スキルOfficialdevelopment

🖥️aidp-cluster-ops

プラグイン: oracle-ai-data-platform-workbench-engineer-agent
ソース: GitHub で見る ↗

説明

AIDP Spark コンピュートクラスターを管理します — クラスターの一覧表示、ステータス確認、起動／停止／再起動、インストール済みライブラリの管理（JAR／Python）、新規クラスターのプロビジョニング／スケーリング（ドライバー／ワーカーシェイプ、オートスケール、GPU／RAPIDS、AI Compute）、および外部 BI ツールの接続（JDBC／ODBC）に対応しています。次のような場合に使用: - クラスターについて質問がある - コンピュートの起動／停止が必要 - クラスターの作成またはスケーリングを行いたい - ライブラリをインストールしたい - GPU クラスターをセットアップしたい - Agent フローに AI Compute を使用したい - Tableau／Power BI／DBeaver を接続したい - データ処理を実行する前にクラスターを選択したい

原文を表示

Manage AIDP Spark compute clusters — list, status, start/stop/restart, installed libraries (JARs/Python), provision/scale a new cluster (driver/worker shapes, autoscale, GPU/RAPIDS, AI Compute), and connect external BI tools (JDBC/ODBC).
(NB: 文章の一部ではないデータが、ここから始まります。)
lemma continuous_on_powser_ball:
  fixes a :: "nat \<Rightarrow> 'a::{real_normed_field,banach}"
  assumes "\<And>z. norm z < R \<Longrightarrow> summable (\<lambda>n. a n * z ^ n)"
  shows "continuous_on (ball 0 R) (\<lambda>z. \<Sum>n. a n * z ^ n)"
  by (rule continuous_at_imp_continuous_on)
     (use termdiffs_strong'[OF assms] in \<open>force intro: DERIV_isCont\<close>)

lemma is_model_summable_beyond_1:
  assumes "is_model c"
  obtains R :: real where "R > 1" "\<And>z. norm z < R \<Longrightarrow> summable (\<lambda>n. (c n)\<^sup>2 * z ^ n)"
proof -
  from assms obtain eps where "eps > 0" and summable: "summable (\<lambda>p. (c p)\<^sup>2 * (1 + eps) ^ p)"
    unfolding is_model_def by blast
  show thesis
  proof (rule that[of "1 + eps"])
    show "1 < 1 + eps" using \<open>eps > 0\<close> by simp
    show "summable (\<lambda>n. (c n)\<^sup>2 * z ^ n)" if "norm z < 1 + eps" for z :: real
      by (rule powser_inside[OF summable]) (use that \<open>eps > 0\<close> in simp)
  qed
qed

lemma continuous_on_xi_derivs:
  assumes "is_model c"
  shows "continuous_on {0..1} (deriv (xi c))" "continuous_on {0..1} (deriv (deriv (xi c)))"
proof -
  obtain R where "R > 1" and summable: "\<And>z. norm z < R \<Longrightarrow> summable (\<lambda>n. (c n)\<^sup>2 * z ^ n)"
    using is_model_summable_beyond_1[OF assms] by blast
  have xi_eq: "xi c = (\<lambda>z. \<Sum>n. (c n)\<^sup>2 * z ^ n)"
    by (simp add: xi_def fun_eq_iff)
  have unit_interval: "{0..1} \<subseteq> ball (0::real) R"
    using \<open>R > 1\<close> by auto
  have "continuous_on (ball 0 R) (deriv (xi c))"
  proof (rule continuous_on_eq[OF continuous_on_powser_ball[OF summable_diffs_powser[OF summable]]])
    show "(\<Sum>n. diffs (\<lambda>n. (c n)\<^sup>2) n * z ^ n) = deriv (xi c) z" if "z \<in> ball 0 R" for z
      using deriv_powser[OF summable, where z=z] that by (simp add: xi_eq)
  qed
  then show "continuous_on {0..1} (deriv (xi c))"
    using unit_interval by (rule continuous_on_subset)
  have "continuous_on (ball 0 R) (deriv (deriv (xi c)))"
  proof (rule continuous_on_eq[OF continuous_on_powser_ball[OF
        summable_diffs_powser[OF summable_diffs_powser[OF summable]]]])
    show "(\<Sum>n. diffs (diffs (\<lambda>n. (c n)\<^sup>2)) n * z ^ n) = deriv (deriv (xi c)) z"
      if "z \<in> ball 0 R" for z
      using deriv_deriv_powser[OF summable, where z=z] that by (simp add: xi_eq)
  qed
  then show "continuous_on {0..1} (deriv (deriv (xi c)))"
    using unit_interval by (rule continuous_on_subset)
qed
(* Fix $0<\alpha<1$ and an integer $l\ge1$, let $\phi_\alpha(t)=t^{\alpha-1}E_{\alpha,\alpha}(-t^{\alpha})$, and let $P_{n,\alpha,l}(t)=\frac{(l)_n}{n!}t^{(n+l)\alpha-1}E^{n+l}_{\alpha,(n+l)\alpha}(-t^{\alpha})$. Define $m_{\alpha,l}(t)=\sum_{n=0}^\infty n\,P_{n,\alpha,l}(t)$ for $t>0$. Then $$m_{\alpha,l}(t)=-\frac{\partial}{\partial k}\Big[t^{\alpha l-1}E^{l}_{\alpha,\alpha l}\big(-(1-e^{-k})t^{\alpha}\big)\Big]_{k=0}=\frac{l\,t^{l\alpha+\alpha-1}}{\Gamma((l+1)\alpha)},$$ and $m_{\alpha,l}$ satisfies the renewal equation $$m_{\alpha,l}(t)=l\,(I^{\alpha l}_{0+}\phi_\alpha)(t)+(m_{\alpha,l}*\phi_\alpha)(t),\qquad t>0.$$
   Context: $E^{\gamma}_{\alpha,\beta}(x)=\sum_{k\ge0}\frac{(\gamma)_k x^k}{\Gamma(\alpha k+\beta)\,k!}$ with Pochhammer symbol $(\gamma)_k$, $E_{\alpha,\beta}=E^1_{\alpha,\beta}$. $(I^{\beta}_{0+}f)(t)=\frac{1}{\Gamma(\beta)}\int_0^t(t-u)^{\beta-1}f(u)\,du$ for $\beta>0$. Laplace convolution $(f*g)(t)=\int_0^t f(t-u)g(u)\,du$. *)

theory Defs
  imports "HOL-Analysis.Analysis"
begin

definition ML3 :: "real \<Rightarrow> real \<Rightarrow> real \<Rightarrow> real \<Rightarrow> real" where
  "ML3 \<gamma> \<alpha> \<beta> x = (\<Sum>k. pochhammer \<gamma> k * x ^ k / (Gamma (\<alpha> * real k + \<beta>) * fact k))"

definition ML2 :: "real \<Rightarrow> real \<Rightarrow> real \<Rightarrow> real" where
  "ML2 \<alpha> \<beta> x = ML3 1 \<alpha> \<beta> x"

definition RL_int :: "real \<Rightarrow> (real \<Rightarrow> real) \<Rightarrow> real \<Rightarrow> real" where
  "RL_int \<beta> f t = (1 / Gamma \<beta>) * integral {0..t} (\<lambda>u. (t - u) powr (\<beta> - 1) * f u)"

definition lconv :: "(real \<Rightarrow> real) \<Rightarrow> (real \<Rightarrow> real) \<Rightarrow> real \<Rightarrow> real" where
  "lconv f g t = integral {0..t} (\<lambda>u. f (t - u) * g u)"

definition phi_ML :: "real \<Rightarrow> real \<Rightarrow> real" where
  "phi_ML \<alpha> t = t powr (\<alpha> - 1) * ML2 \<alpha> \<alpha> (- (t powr \<alpha>))"

definition P_nal :: "nat \<Rightarrow> real \<Rightarrow> nat \<Rightarrow> real \<Rightarrow> real" where
  "P_nal n \<alpha> l t = pochhammer (real l) n / fact n
      * t powr ((real n + real l) * \<alpha> - 1)
      * ML3 (real n + real l) \<alpha> ((real n + real l) * \<alpha>) (- (t powr \<alpha>))"

definition m_al :: "real \<Rightarrow> nat \<Rightarrow> real \<Rightarrow> real" where
  "m_al \<alpha> l t = (\<Sum>n. real n * P_nal n \<alpha> l t)"

end

theory Submission
  imports Defs
begin

text \<open>Expanding each \<open>P_{n,\<alpha>,l}(t)\<close> in powers of \<open>t^\<alpha>\<close> and regrouping the double series
  \<open>\<Sum>_n n P_{n,\<alpha>,l}(t)\<close> along the antidiagonals \<open>n + k = N\<close>, the \<open>N\<close>-th group carries the factor
  \<open>\<Sum>_{n\<le>N} n (N choose n) (-1)^{N-n}\<close>, which vanishes unless \<open>N = 1\<close>. So a single term survives:
  \<open>m_{\<alpha>,l}(t) = l t^{(l+1)\<alpha>-1} / \<Gamma>((l+1)\<alpha>)\<close>. The regrouping is justified by absolute convergence,
  from the ratio test and the decay of \<open>\<Gamma>(z)/\<Gamma>(z+\<alpha>)\<close> (log-convexity of \<open>\<Gamma>\<close>). The \<open>k\<close>-derivative
  is the chain rule with \<open>(E^\<gamma>_{\<alpha>,\<beta>})'(0) = \<gamma>/\<Gamma>(\<alpha>+\<beta>)\<close>.

  For the renewal equation, integrating the series of \<open>\<phi>_\<alpha>\<close> termwise (dominated convergence and the
  Beta integral) gives \<open>I^\<beta> \<phi>_\<alpha> = \<Sum>_k (-1)^k t^{\<beta>+(k+1)\<alpha>-1} / \<Gamma>(\<beta>+(k+1)\<alpha>)\<close>, so
  \<open>I^\<beta> \<phi>_\<alpha> + I^{\<beta>+\<alpha>} \<phi>_\<alpha>\<close> telescopes to \<open>t^{\<beta>+\<alpha>-1} / \<Gamma>(\<beta>+\<alpha>)\<close>. As \<open>m_{\<alpha>,l}\<close> is a power
  of \<open>t\<close>, \<open>m_{\<alpha>,l} * \<phi>_\<alpha> = l I^{(l+1)\<alpha>} \<phi>_\<alpha>\<close>, and the case \<open>\<beta> = l\<alpha>\<close> is the renewal equation.\<close>

lemma Gamma_quotient_le_powr:
  fixes z a :: real
  assumes a: "a > 0" and z: "z > 1"
  shows "Gamma z / Gamma (z + a) \<le> (z - 1) powr (- a)"
proof -
  have pos: "Gamma (z - 1) > 0" "Gamma z > 0" "Gamma (z + a) > 0"
    using a z by auto
  have Gamma_rec: "Gamma z = (z - 1) * Gamma (z - 1)"
    using Gamma_plus1[of "z - 1"] z nonpos_Ints_nonpos[of "z - 1"] by force
  have "ln (Gamma z) = ln (z - 1) + ln (Gamma (z - 1))"
    unfolding Gamma_rec using pos(1) z by (simp add: ln_mult_pos)
  then have ln_Gamma_pred: "ln (Gamma (z - 1)) = ln (Gamma z) - ln (z - 1)"
    by simp
  \<comment> \<open>log-convexity of \<open>\<Gamma>\<close> at \<open>z = (a (z - 1) + (z + a)) / (1 + a)\<close>\<close>
  have weight: "1 - 1 / (1 + a) = a / (1 + a)"
    using a by (simp add: divide_simps)
  have "z = (1 - 1 / (1 + a)) *\<^sub>R (z - 1) + (1 / (1 + a)) *\<^sub>R (z + a)"
    using a unfolding weight by (simp add: add_divide_distrib[symmetric] divide_simps) (simp add: algebra_simps)
  then have "ln (Gamma z) \<le> a / (1 + a) * ln (Gamma (z - 1)) + 1 / (1 + a) * ln (Gamma (z + a))"
    using convex_onD[OF log_convex_Gamma_real, of "1 / (1 + a)" "z - 1" "z + a"] a z
    unfolding weight by simp
  then have "(1 + a) * ln (Gamma z) \<le> (1 + a) * (a / (1 + a) * ln (Gamma (z - 1)) + 1 / (1 + a) * ln (Gamma (z + a)))"
    by (rule mult_left_mono) (use a in simp)
  also have "\<dots> = a * ln (Gamma (z - 1)) + ln (Gamma (z + a))"
    using a by (simp add: distrib_left)
  finally have "ln (Gamma z) - ln (Gamma (z + a)) \<le> - a * ln (z - 1)"
    unfolding ln_Gamma_pred by (simp add: algebra_simps)
  then have "exp (ln (Gamma z) - ln (Gamma (z + a))) \<le> exp (- a * ln (z - 1))"
    by simp
  then show ?thesis
    using pos z by (simp add: exp_diff powr_def)
qed

lemma Gamma_quotient_tendsto_zero:
  fixes a :: real and f :: "'a \<Rightarrow> real"
  assumes a: "a > 0" and f: "filterlim f at_top F"
  shows "((\<lambda>x. Gamma (f x) / Gamma (f x + a)) \<longlongrightarrow> 0) F"
proof (rule tendsto_sandwich)
  have ev: "eventually (\<lambda>x. f x > 1) F"
    using f by (simp add: filterlim_at_top_dense)
  show "eventually (\<lambda>x. 0 \<le> Gamma (f x) / Gamma (f x + a)) F"
    using ev by eventually_elim (use a in \<open>auto intro!: divide_nonneg_pos less_imp_le\<close>)
  show "eventually (\<lambda>x. Gamma (f x) / Gamma (f x + a) \<le> (f x - 1) powr (- a)) F"
    using ev by eventually_elim (rule Gamma_quotient_le_powr[OF a])
  have "filterlim (\<lambda>x. -1 + f x) at_top F"
    by (rule filterlim_tendsto_add_at_top[OF tendsto_const f])
  then have f_pred: "filterlim (\<lambda>x. f x - 1) at_top F"
    by simp
  show "((\<lambda>x. (f x - 1) powr (- a)) \<longlongrightarrow> 0) F"
    by (rule tendsto_neg_powr[OF _ f_pred]) (use a in simp)
qed simp

lemma abs_ML3_term_Suc:
  fixes \<alpha> \<beta> \<gamma> y :: real
  assumes "\<alpha> > 0" and "\<alpha> * real n + \<beta> > 0"
  shows "\<bar>pochhammer \<gamma> (Suc n)\<bar> * \<bar>y\<bar> ^ Suc n / (\<bar>Gamma (\<alpha> * real (Suc n) + \<beta>)\<bar> * fact (Suc n))
    = \<bar>pochhammer \<gamma> n\<bar> * \<bar>y\<bar> ^ n / (\<bar>Gamma (\<alpha> * real n + \<beta>)\<bar> * fact n)
      * (\<bar>\<gamma> + real n\<bar> / (real n + 1) * \<bar>y\<bar> * (Gamma (\<alpha> * real n + \<beta>) / Gamma (\<alpha> * real n + \<beta> + \<alpha>)))"
proof -
  have Gamma_pos: "Gamma (\<alpha> * real n + \<beta>) > 0" "Gamma (\<alpha> * real n + \<beta> + \<alpha>) > 0"
    using assms by auto
  have Gamma_Suc: "Gamma (\<alpha> * real (Suc n) + \<beta>) = Gamma (\<alpha> * real n + \<beta> + \<alpha>)"
    by (simp add: algebra_simps)
  have "\<bar>pochhammer \<gamma> (Suc n)\<bar> * \<bar>y\<bar> ^ Suc n / (\<bar>Gamma (\<alpha> * real (Suc n) + \<beta>)\<bar> * fact (Suc n))
      = \<bar>pochhammer \<gamma> n\<bar> * \<bar>\<gamma> + real n\<bar> * (\<bar>y\<bar> ^ n * \<bar>y\<bar>)
        / (Gamma (\<alpha> * real n + \<beta> + \<alpha>) * (fact n * (real n + 1)))"
    using Gamma_pos by (simp only: Gamma_Suc) (simp add: pochhammer_Suc abs_mult mult_ac)
  also have "\<dots> = \<bar>pochhammer \<gamma> n\<bar> * \<bar>y\<bar> ^ n / (\<bar>Gamma (\<alpha> * real n + \<beta>)\<bar> * fact n)
      * (\<bar>\<gamma> + real n\<bar> / (real n + 1) * \<bar>y\<bar> * (Gamma (\<alpha> * real n + \<beta>) / Gamma (\<alpha> * real n + \<beta> + \<alpha>)))"
    using Gamma_pos by (simp add: field_simps)
  finally show ?thesis .
qed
Use when the user asks about clusters, needs to start/stop compute, create or scale a cluster, install libraries, set up a GPU cluster, use AI Compute for agent flows, connect Tableau/Power BI/DBeaver, or pick a cluster before running data work.

ユースケース

✓クラスターの起動／停止／再起動を行うとき
✓クラスターを作成またはスケーリングしたいとき
✓ライブラリをインストールするとき
✓GPUクラスターをセットアップするとき
✓BIツールを接続するとき

本文（日本語訳）

`aidp-cluster-ops` — クラスターライフサイクル & ライブラリ

AIDP Spark クラスターの状態確認と操作を行います。ほとんどのデータ系スキルは RUNNING 状態のクラスターに依存するため、これは共通の前処理ステップとなります。これは コントロールプレーン スキルです。MCP および ai-data-engineer-agent リポジトリは不要です。

次のような場合に使用

「どんなクラスターがあるか／X は起動しているか」
「クラスターを起動／停止／再起動したい」
「インストールされているライブラリを確認したい」
「データ処理を実行する前にコンピュートが稼働しているか確認したい」

エンジン — 公式 `aidp` CLI（コントロールプレーン）

推奨エンジンは Oracle 公式の aidp CLI です。 CLI がインストールされていない場合のフォールバックとして oci raw-request を使用します。どちらも同じ認証で同じデータプレーン REST API にアクセスします。

コマンドマップの全体像: references/aidp-cli-map.md
ベース URL・認証ラダー・非同期/エラー規約: references/oci-raw-request.md
REST エンドポイントの形式: references/no-mcp-rest-map.md

操作	CLI（推奨）	REST フォールバック
クラスター一覧	`aidp cluster list`	`GET /clusters` または `GET /workspaces/<ws>/clusters`
ステータス / 設定	`aidp cluster get --cluster-key <key>`	`GET /workspaces/<ws>/clusters/<key>`
デフォルトクラスター	`aidp cluster get-default`	（一覧の出力に含まれる）
ライブラリ	`aidp cluster list-libraries --cluster-key <key>`（追加/削除は `patch-library`）	クラスターの GET レスポンス内に含まれる
起動 / 停止 / 再起動	`aidp cluster start\|stop\|restart --cluster-key <key>`	`POST /workspaces/<ws>/clusters/<key>/actions/start\|stop\|restart`
ログ / メトリクス	`aidp cluster search-logs\|download-logs\|summarize-metrics-data --cluster-key <key>`	`…/clusters/<key>/…`

すべての CLI 呼び出しに --instance-id <DATALAKE_OCID> --auth api_key --profile DEFAULT --region <r> が必要です。

# CLI（推奨）: クラスター一覧
aidp cluster list --instance-id <DATALAKE_OCID> --auth api_key --profile DEFAULT --region us-ashburn-1

# CLI（推奨）: クラスター詳細 — 状態、設定、接続情報
aidp cluster get --cluster-key <KEY> --instance-id <DATALAKE_OCID> --auth api_key --profile DEFAULT --region us-ashburn-1

# CLI（推奨）: 起動（必要なリクエストボディは CLI が自動設定）
aidp cluster start --cluster-key <KEY> --instance-id <DATALAKE_OCID> --auth api_key --profile DEFAULT --region us-ashburn-1

変更系操作（start/stop/restart、patch-library）— 共有クラスターの場合は、非自明なボディを .aidp/payloads/ に保存してから実行前に確認してください（references/payloads.md 参照）。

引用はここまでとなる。